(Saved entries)
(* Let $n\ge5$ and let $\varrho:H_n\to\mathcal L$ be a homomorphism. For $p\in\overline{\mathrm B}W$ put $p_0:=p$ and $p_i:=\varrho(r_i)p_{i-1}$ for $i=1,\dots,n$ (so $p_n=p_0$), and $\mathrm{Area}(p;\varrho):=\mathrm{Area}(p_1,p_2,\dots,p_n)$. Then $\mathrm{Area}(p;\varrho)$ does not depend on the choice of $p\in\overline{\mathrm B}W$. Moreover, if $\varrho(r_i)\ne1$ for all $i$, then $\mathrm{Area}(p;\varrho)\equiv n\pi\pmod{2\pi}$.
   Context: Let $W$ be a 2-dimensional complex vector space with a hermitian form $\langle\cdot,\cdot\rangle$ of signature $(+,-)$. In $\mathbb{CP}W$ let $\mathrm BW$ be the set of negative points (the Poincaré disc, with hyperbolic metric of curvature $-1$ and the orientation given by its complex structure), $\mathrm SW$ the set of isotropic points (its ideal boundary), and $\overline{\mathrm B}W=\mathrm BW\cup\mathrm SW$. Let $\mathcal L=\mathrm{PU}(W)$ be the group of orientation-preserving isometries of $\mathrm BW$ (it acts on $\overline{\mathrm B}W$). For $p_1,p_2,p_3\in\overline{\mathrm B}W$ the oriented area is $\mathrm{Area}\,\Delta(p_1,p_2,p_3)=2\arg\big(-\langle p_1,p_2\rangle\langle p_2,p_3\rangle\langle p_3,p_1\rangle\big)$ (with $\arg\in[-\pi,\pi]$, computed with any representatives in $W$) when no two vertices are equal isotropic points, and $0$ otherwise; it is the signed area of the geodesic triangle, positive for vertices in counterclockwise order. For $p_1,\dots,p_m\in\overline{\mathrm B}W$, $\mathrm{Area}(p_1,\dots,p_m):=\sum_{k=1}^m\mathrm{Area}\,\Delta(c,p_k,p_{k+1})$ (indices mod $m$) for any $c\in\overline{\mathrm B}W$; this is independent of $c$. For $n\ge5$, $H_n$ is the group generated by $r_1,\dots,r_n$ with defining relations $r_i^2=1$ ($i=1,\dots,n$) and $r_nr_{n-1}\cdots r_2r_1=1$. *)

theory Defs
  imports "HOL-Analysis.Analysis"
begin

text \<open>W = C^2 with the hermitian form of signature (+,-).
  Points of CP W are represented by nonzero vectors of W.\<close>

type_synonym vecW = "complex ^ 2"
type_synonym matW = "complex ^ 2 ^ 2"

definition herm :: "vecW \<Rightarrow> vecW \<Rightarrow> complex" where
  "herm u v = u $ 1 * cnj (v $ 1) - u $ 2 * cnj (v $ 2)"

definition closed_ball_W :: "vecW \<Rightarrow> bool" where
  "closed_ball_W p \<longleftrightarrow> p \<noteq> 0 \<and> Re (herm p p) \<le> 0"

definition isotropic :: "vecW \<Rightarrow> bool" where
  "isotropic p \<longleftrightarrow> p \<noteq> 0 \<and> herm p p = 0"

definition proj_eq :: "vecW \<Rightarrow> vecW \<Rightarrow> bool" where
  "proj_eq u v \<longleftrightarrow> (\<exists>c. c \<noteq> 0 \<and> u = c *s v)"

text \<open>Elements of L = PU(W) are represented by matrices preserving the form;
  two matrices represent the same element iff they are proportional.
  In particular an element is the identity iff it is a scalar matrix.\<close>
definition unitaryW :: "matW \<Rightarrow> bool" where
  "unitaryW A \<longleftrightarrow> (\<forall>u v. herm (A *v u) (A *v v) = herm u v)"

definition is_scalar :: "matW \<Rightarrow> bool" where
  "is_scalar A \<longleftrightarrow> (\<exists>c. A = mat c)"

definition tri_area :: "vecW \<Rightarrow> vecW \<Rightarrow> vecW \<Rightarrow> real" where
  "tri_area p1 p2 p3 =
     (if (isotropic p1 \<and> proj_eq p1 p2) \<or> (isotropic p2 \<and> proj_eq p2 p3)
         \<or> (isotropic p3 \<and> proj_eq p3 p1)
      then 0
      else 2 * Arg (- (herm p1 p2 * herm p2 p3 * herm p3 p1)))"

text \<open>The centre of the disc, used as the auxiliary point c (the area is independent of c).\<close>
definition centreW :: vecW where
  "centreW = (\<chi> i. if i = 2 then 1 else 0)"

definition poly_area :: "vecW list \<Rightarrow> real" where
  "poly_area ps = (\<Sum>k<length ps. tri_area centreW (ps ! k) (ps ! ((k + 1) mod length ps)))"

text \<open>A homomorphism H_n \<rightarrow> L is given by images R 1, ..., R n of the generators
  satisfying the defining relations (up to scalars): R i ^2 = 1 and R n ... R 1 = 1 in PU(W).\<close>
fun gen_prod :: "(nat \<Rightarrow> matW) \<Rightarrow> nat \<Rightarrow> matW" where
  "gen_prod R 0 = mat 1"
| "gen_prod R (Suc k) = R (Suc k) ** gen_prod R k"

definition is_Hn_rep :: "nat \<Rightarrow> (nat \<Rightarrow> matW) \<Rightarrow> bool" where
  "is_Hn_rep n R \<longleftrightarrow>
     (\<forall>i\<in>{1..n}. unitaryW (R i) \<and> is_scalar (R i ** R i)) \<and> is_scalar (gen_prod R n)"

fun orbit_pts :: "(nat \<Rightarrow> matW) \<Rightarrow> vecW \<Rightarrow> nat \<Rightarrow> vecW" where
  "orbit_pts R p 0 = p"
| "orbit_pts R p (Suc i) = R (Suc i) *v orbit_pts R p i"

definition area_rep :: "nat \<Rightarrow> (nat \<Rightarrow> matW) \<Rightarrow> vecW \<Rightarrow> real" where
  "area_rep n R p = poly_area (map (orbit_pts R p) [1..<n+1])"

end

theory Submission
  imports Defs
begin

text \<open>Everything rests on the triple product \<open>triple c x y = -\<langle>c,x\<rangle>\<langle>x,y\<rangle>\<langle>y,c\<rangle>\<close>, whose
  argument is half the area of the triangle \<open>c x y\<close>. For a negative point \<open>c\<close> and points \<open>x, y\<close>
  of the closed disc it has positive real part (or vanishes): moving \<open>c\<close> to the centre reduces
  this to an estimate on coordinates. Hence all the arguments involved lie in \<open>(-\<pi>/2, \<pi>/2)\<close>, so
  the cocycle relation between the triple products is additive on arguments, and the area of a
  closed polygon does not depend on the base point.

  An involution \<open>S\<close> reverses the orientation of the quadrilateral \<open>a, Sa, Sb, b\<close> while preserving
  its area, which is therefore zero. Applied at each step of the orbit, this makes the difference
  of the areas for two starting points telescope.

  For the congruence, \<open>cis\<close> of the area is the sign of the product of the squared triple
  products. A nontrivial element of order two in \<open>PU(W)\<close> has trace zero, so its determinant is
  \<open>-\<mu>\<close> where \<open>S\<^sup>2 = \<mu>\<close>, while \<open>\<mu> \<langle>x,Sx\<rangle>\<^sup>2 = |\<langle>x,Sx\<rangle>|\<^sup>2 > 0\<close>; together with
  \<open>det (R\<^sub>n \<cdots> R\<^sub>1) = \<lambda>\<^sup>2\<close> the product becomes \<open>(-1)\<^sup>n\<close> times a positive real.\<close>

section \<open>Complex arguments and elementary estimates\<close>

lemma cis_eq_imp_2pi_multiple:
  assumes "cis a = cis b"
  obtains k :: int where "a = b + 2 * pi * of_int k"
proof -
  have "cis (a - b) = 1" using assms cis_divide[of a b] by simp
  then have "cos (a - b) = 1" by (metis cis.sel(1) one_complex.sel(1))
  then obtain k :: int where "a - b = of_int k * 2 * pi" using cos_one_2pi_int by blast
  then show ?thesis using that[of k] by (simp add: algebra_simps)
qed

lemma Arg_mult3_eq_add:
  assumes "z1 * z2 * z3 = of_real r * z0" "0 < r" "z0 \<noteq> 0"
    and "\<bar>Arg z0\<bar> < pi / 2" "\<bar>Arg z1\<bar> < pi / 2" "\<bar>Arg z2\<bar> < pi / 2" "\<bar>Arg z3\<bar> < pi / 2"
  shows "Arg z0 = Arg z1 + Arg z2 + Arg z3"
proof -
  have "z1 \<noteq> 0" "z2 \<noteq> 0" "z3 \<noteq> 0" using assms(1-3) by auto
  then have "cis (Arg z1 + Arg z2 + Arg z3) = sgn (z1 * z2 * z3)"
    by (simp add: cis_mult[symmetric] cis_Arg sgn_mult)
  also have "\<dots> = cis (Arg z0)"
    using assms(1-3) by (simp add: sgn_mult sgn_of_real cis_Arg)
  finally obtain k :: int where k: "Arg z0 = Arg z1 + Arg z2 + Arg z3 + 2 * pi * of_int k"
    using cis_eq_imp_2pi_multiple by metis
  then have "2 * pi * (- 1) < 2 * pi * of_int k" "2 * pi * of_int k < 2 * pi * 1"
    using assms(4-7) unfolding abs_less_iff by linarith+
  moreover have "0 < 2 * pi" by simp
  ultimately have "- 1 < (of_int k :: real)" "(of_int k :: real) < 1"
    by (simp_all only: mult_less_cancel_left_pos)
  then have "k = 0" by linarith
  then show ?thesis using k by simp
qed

EXERCISE GOAL: Among the records above, extract exactly the lines from the line with "by (simp add: cis_mult[symmetric]" to the line with "of_int k < 2", both lines included, and leave out the rest.

ANSWER TO THIS TASK:
    by (simp add: cis_mult[symmetric] cis_Arg sgn_mult)
  also have "\<dots> = cis (Arg z0)"
    using assms(1-3) by (simp add: sgn_mult sgn_of_real cis_Arg)
  finally obtain k :: int where k: "Arg z0 = Arg z1 + Arg z2 + Arg z3 + 2 * pi * of_int k"
    using cis_eq_imp_2pi_multiple by metis
  then have "2 * pi * (- 1) < 2 * pi * of_int k" "2 * pi * of_int k < 2 * pi * 1"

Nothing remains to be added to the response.